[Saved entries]

════

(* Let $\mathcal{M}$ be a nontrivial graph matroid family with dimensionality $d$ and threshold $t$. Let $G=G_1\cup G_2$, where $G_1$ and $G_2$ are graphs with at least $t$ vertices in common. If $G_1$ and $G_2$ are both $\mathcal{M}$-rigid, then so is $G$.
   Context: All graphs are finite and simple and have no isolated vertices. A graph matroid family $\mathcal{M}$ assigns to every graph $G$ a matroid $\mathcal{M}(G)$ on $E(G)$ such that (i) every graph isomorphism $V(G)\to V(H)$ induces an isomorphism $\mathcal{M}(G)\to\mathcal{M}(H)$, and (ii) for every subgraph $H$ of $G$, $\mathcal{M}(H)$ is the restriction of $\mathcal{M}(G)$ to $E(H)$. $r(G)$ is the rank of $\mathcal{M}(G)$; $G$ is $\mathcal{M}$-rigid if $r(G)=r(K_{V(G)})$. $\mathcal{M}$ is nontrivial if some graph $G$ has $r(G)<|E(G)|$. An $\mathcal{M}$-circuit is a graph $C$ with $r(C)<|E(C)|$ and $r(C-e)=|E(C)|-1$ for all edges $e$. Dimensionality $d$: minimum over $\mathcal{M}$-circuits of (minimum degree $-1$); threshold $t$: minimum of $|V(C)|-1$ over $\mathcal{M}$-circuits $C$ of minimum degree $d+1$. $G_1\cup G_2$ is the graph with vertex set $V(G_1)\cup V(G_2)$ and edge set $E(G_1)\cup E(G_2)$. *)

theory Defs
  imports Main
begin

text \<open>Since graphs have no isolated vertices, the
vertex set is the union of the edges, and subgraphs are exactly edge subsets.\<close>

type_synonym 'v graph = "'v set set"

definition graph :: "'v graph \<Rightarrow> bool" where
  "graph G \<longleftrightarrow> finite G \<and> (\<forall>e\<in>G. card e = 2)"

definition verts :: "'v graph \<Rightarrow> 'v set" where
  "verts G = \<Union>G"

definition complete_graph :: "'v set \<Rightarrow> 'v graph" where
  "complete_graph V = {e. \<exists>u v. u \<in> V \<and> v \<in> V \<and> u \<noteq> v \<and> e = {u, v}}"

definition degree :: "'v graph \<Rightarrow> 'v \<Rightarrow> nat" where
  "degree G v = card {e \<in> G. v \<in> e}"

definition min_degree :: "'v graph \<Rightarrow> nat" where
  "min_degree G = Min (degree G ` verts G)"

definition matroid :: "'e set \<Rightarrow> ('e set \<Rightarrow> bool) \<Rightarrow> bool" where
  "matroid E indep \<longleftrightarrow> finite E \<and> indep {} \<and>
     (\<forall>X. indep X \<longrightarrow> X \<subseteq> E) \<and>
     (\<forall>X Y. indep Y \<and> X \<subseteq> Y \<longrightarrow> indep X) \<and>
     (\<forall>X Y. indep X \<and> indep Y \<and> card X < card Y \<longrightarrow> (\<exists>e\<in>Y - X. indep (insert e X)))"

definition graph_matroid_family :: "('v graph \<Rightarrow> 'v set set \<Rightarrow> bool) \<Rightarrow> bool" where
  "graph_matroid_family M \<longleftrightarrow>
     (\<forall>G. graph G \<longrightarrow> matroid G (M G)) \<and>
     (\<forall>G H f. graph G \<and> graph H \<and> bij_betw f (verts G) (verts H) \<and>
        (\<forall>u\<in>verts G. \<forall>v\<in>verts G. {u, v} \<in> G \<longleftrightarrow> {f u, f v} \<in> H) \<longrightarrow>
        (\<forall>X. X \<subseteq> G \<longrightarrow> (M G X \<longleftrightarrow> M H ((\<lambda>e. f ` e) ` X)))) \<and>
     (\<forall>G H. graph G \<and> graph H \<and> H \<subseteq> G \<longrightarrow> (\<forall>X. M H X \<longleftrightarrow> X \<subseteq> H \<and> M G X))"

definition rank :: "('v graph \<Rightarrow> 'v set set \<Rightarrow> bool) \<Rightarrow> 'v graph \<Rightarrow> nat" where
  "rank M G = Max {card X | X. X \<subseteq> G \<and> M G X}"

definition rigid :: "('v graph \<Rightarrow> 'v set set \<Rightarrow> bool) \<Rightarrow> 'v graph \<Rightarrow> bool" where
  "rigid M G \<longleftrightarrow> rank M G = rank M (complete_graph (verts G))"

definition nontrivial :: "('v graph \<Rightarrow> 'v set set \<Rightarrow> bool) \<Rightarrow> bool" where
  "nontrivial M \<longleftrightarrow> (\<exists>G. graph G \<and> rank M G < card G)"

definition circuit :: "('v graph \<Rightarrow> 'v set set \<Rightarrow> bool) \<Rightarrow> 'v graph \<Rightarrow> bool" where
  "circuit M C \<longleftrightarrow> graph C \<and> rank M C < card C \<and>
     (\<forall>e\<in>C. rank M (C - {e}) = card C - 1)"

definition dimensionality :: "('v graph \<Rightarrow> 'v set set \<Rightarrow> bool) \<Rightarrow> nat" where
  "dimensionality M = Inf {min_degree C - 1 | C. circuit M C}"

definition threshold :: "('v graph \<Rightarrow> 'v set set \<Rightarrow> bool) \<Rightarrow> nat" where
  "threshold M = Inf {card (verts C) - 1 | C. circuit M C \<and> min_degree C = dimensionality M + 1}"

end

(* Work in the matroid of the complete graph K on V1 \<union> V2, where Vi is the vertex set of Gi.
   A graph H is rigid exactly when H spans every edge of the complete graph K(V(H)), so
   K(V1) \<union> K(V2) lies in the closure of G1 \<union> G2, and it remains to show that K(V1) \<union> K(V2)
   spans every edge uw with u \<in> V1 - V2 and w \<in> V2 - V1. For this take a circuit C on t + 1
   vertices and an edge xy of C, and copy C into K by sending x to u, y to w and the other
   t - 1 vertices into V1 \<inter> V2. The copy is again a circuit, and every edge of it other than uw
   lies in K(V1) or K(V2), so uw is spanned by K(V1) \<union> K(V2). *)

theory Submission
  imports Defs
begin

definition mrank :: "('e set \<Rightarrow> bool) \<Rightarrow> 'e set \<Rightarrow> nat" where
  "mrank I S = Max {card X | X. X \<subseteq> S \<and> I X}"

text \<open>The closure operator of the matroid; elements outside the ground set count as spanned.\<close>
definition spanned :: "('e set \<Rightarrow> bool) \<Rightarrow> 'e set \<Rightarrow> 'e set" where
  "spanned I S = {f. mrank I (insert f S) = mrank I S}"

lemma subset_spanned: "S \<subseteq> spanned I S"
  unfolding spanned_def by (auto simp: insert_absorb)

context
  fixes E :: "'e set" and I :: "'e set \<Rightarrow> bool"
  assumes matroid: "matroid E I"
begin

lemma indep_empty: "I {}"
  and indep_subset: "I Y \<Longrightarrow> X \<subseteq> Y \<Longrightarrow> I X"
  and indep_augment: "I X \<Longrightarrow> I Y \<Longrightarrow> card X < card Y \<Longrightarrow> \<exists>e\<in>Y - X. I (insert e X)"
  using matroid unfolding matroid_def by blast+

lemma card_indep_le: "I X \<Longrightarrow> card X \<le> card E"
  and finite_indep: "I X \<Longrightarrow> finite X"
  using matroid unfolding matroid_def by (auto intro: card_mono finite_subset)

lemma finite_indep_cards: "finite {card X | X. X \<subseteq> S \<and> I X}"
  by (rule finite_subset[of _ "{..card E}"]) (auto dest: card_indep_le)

════

YOUR INSTRUCTIONS: What is needed is an exact transcription of every entry.

RESPONSE:
(* Let $\mathcal{M}$ be a nontrivial graph matroid family with dimensionality $d$ and threshold $t$. Let $G=G_1\cup G_2$, where $G_1$ and $G_2$ are graphs with at least $t$ vertices in common. If $G_1$ and $G_2$ are both $\mathcal{M}$-rigid, then so is $G$.
   Context: All graphs are finite and simple and have no isolated vertices. A graph matroid family $\mathcal{M}$ assigns to every graph $G$ a matroid $\mathcal{M}(G)$ on $E(G)$ such that (i) every graph isomorphism $V(G)\to V(H)$ induces an isomorphism $\mathcal{M}(G)\to\mathcal{M}(H)$, and (ii) for every subgraph $H$ of $G$, $\mathcal{M}(H)$ is the restriction of $\mathcal{M}(G)$ to $E(H)$. $r(G)$ is the rank of $\mathcal{M}(G)$; $G$ is $\mathcal{M}$-rigid if $r(G)=r(K_{V(G)})$. $\mathcal{M}$ is nontrivial if some graph $G$ has $r(G)<|E(G)|$. An $\mathcal{M}$-circuit is a graph $C$ with $r(C)<|E(C)|$ and $r(C-e)=|E(C)|-1$ for all edges $e$. Dimensionality $d$: minimum over $\mathcal{M}$-circuits of (minimum degree $-1$); threshold $t$: minimum of $|V(C)|-1$ over $\mathcal{M}$-circuits $C$ of minimum degree $d+1$. $G_1\cup G_2$ is the graph with vertex set $V(G_1)\cup V(G_2)$ and edge set $E(G_1)\cup E(G_2)$. *)

theory Defs
  imports Main
begin

text \<open>Since graphs have no isolated vertices, the
vertex set is the union of the edges, and subgraphs are exactly edge subsets.\<close>

type_synonym 'v graph = "'v set set"

definition graph :: "'v graph \<Rightarrow> bool" where
  "graph G \<longleftrightarrow> finite G \<and> (\<forall>e\<in>G. card e = 2)"

definition verts :: "'v graph \<Rightarrow> 'v set" where
  "verts G = \<Union>G"

definition complete_graph :: "'v set \<Rightarrow> 'v graph" where
  "complete_graph V = {e. \<exists>u v. u \<in> V \<and> v \<in> V \<and> u \<noteq> v \<and> e = {u, v}}"

definition degree :: "'v graph \<Rightarrow> 'v \<Rightarrow> nat" where
  "degree G v = card {e \<in> G. v \<in> e}"

definition min_degree :: "'v graph \<Rightarrow> nat" where
  "min_degree G = Min (degree G ` verts G)"

definition matroid :: "'e set \<Rightarrow> ('e set \<Rightarrow> bool) \<Rightarrow> bool" where
  "matroid E indep \<longleftrightarrow> finite E \<and> indep {} \<and>
     (\<forall>X. indep X \<longrightarrow> X \<subseteq> E) \<and>
     (\<forall>X Y. indep Y \<and> X \<subseteq> Y \<longrightarrow> indep X) \<and>
     (\<forall>X Y. indep X \<and> indep Y \<and> card X < card Y \<longrightarrow> (\<exists>e\<in>Y - X. indep (insert e X)))"

definition graph_matroid_family :: "('v graph \<Rightarrow> 'v set set \<Rightarrow> bool) \<Rightarrow> bool" where
  "graph_matroid_family M \<longleftrightarrow>
     (\<forall>G. graph G \<longrightarrow> matroid G (M G)) \<and>
     (\<forall>G H f. graph G \<and> graph H \<and> bij_betw f (verts G) (verts H) \<and>
        (\<forall>u\<in>verts G. \<forall>v\<in>verts G. {u, v} \<in> G \<longleftrightarrow> {f u, f v} \<in> H) \<longrightarrow>
        (\<forall>X. X \<subseteq> G \<longrightarrow> (M G X \<longleftrightarrow> M H ((\<lambda>e. f ` e) ` X)))) \<and>
     (\<forall>G H. graph G \<and> graph H \<and> H \<subseteq> G \<longrightarrow> (\<forall>X. M H X \<longleftrightarrow> X \<subseteq> H \<and> M G X))"

definition rank :: "('v graph \<Rightarrow> 'v set set \<Rightarrow> bool) \<Rightarrow> 'v graph \<Rightarrow> nat" where
  "rank M G = Max {card X | X. X \<subseteq> G \<and> M G X}"

definition rigid :: "('v graph \<Rightarrow> 'v set set \<Rightarrow> bool) \<Rightarrow> 'v graph \<Rightarrow> bool" where
  "rigid M G \<longleftrightarrow> rank M G = rank M (complete_graph (verts G))"

definition nontrivial :: "('v graph \<Rightarrow> 'v set set \<Rightarrow> bool) \<Rightarrow> bool" where
  "nontrivial M \<longleftrightarrow> (\<exists>G. graph G \<and> rank M G < card G)"

definition circuit :: "('v graph \<Rightarrow> 'v set set \<Rightarrow> bool) \<Rightarrow> 'v graph \<Rightarrow> bool" where
  "circuit M C \<longleftrightarrow> graph C \<and> rank M C < card C \<and>
     (\<forall>e\<in>C. rank M (C - {e}) = card C - 1)"

definition dimensionality :: "('v graph \<Rightarrow> 'v set set \<Rightarrow> bool) \<Rightarrow> nat" where
  "dimensionality M = Inf {min_degree C - 1 | C. circuit M C}"

definition threshold :: "('v graph \<Rightarrow> 'v set set \<Rightarrow> bool) \<Rightarrow> nat" where
  "threshold M = Inf {card (verts C) - 1 | C. circuit M C \<and> min_degree C = dimensionality M + 1}"

end

(* Work in the matroid of the complete graph K on V1 \<union> V2, where Vi is the vertex set of Gi.
   A graph H is rigid exactly when H spans every edge of the complete graph K(V(H)), so
   K(V1) \<union> K(V2) lies in the closure of G1 \<union> G2, and it remains to show that K(V1) \<union> K(V2)
   spans every edge uw with u \<in> V1 - V2 and w \<in> V2 - V1. For this take a circuit C on t + 1
   vertices and an edge xy of C, and copy C into K by sending x to u, y to w and the other
   t - 1 vertices into V1 \<inter> V2. The copy is again a circuit, and every edge of it other than uw
   lies in K(V1) or K(V2), so uw is spanned by K(V1) \<union> K(V2). *)

theory Submission
  imports Defs
begin

definition mrank :: "('e set \<Rightarrow> bool) \<Rightarrow> 'e set \<Rightarrow> nat" where
  "mrank I S = Max {card X | X. X \<subseteq> S \<and> I X}"

text \<open>The closure operator of the matroid; elements outside the ground set count as spanned.\<close>
definition spanned :: "('e set \<Rightarrow> bool) \<Rightarrow> 'e set \<Rightarrow> 'e set" where
  "spanned I S = {f. mrank I (insert f S) = mrank I S}"

lemma subset_spanned: "S \<subseteq> spanned I S"
  unfolding spanned_def by (auto simp: insert_absorb)

context
  fixes E :: "'e set" and I :: "'e set \<Rightarrow> bool"
  assumes matroid: "matroid E I"
begin

lemma indep_empty: "I {}"
  and indep_subset: "I Y \<Longrightarrow> X \<subseteq> Y \<Longrightarrow> I X"
  and indep_augment: "I X \<Longrightarrow> I Y \<Longrightarrow> card X < card Y \<Longrightarrow> \<exists>e\<in>Y - X. I (insert e X)"
  using matroid unfolding matroid_def by blast+

lemma card_indep_le: "I X \<Longrightarrow> card X \<le> card E"
  and finite_indep: "I X \<Longrightarrow> finite X"
  using matroid unfolding matroid_def by (auto intro: card_mono finite_subset)

lemma finite_indep_cards: "finite {card X | X. X \<subseteq> S \<and> I X}"
  by (rule finite_subset[of _ "{..card E}"]) (auto dest: card_indep_le)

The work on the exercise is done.